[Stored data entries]

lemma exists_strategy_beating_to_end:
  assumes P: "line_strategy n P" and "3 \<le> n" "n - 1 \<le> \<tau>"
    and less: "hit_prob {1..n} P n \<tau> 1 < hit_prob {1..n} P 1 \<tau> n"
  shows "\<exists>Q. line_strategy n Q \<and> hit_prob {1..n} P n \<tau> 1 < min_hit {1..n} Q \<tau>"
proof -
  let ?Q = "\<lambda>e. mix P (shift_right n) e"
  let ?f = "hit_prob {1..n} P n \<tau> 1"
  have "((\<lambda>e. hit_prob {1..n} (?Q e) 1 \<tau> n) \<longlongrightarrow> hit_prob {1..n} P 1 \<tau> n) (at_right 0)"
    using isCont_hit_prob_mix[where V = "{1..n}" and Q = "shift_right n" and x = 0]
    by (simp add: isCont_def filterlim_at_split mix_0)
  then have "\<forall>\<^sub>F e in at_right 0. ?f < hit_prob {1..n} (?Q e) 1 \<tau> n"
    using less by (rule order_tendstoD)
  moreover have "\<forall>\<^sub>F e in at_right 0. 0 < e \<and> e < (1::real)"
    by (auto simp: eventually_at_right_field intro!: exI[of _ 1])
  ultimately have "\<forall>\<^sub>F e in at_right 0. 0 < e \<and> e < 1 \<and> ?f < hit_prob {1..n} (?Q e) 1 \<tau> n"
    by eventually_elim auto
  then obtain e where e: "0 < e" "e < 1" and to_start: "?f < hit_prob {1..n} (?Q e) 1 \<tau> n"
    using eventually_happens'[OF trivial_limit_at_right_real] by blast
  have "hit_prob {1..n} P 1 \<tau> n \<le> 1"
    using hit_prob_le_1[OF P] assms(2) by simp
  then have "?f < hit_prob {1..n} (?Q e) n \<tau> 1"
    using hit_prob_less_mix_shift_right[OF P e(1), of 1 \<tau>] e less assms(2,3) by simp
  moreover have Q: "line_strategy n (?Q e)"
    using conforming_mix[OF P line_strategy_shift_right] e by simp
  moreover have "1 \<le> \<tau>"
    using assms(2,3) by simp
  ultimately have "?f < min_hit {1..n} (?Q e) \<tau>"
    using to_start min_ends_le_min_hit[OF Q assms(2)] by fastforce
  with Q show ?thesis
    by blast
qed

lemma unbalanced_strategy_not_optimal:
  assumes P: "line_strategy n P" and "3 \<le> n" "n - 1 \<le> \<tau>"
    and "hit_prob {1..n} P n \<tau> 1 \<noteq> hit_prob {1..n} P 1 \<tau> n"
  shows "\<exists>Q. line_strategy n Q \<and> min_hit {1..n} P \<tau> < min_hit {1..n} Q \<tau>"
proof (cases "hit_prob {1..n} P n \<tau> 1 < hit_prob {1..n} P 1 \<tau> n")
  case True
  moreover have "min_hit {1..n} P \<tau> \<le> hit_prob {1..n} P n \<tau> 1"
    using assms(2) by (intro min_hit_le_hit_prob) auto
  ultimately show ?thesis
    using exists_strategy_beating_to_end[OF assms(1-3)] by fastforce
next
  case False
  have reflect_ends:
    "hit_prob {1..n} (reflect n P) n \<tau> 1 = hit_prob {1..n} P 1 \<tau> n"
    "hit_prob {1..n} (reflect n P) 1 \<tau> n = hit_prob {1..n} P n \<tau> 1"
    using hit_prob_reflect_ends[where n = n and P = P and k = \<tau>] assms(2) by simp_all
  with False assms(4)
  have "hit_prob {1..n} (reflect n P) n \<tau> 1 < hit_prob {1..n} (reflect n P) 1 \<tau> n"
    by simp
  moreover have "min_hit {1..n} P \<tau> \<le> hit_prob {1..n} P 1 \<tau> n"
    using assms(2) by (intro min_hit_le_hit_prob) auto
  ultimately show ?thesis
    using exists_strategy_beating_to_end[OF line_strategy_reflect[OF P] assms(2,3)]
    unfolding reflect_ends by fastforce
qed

• TASK INSTRUCTIONS: Would you tally the lines above holding "less" and reply with the total alone?

• EXERCISE RESPONSE: 3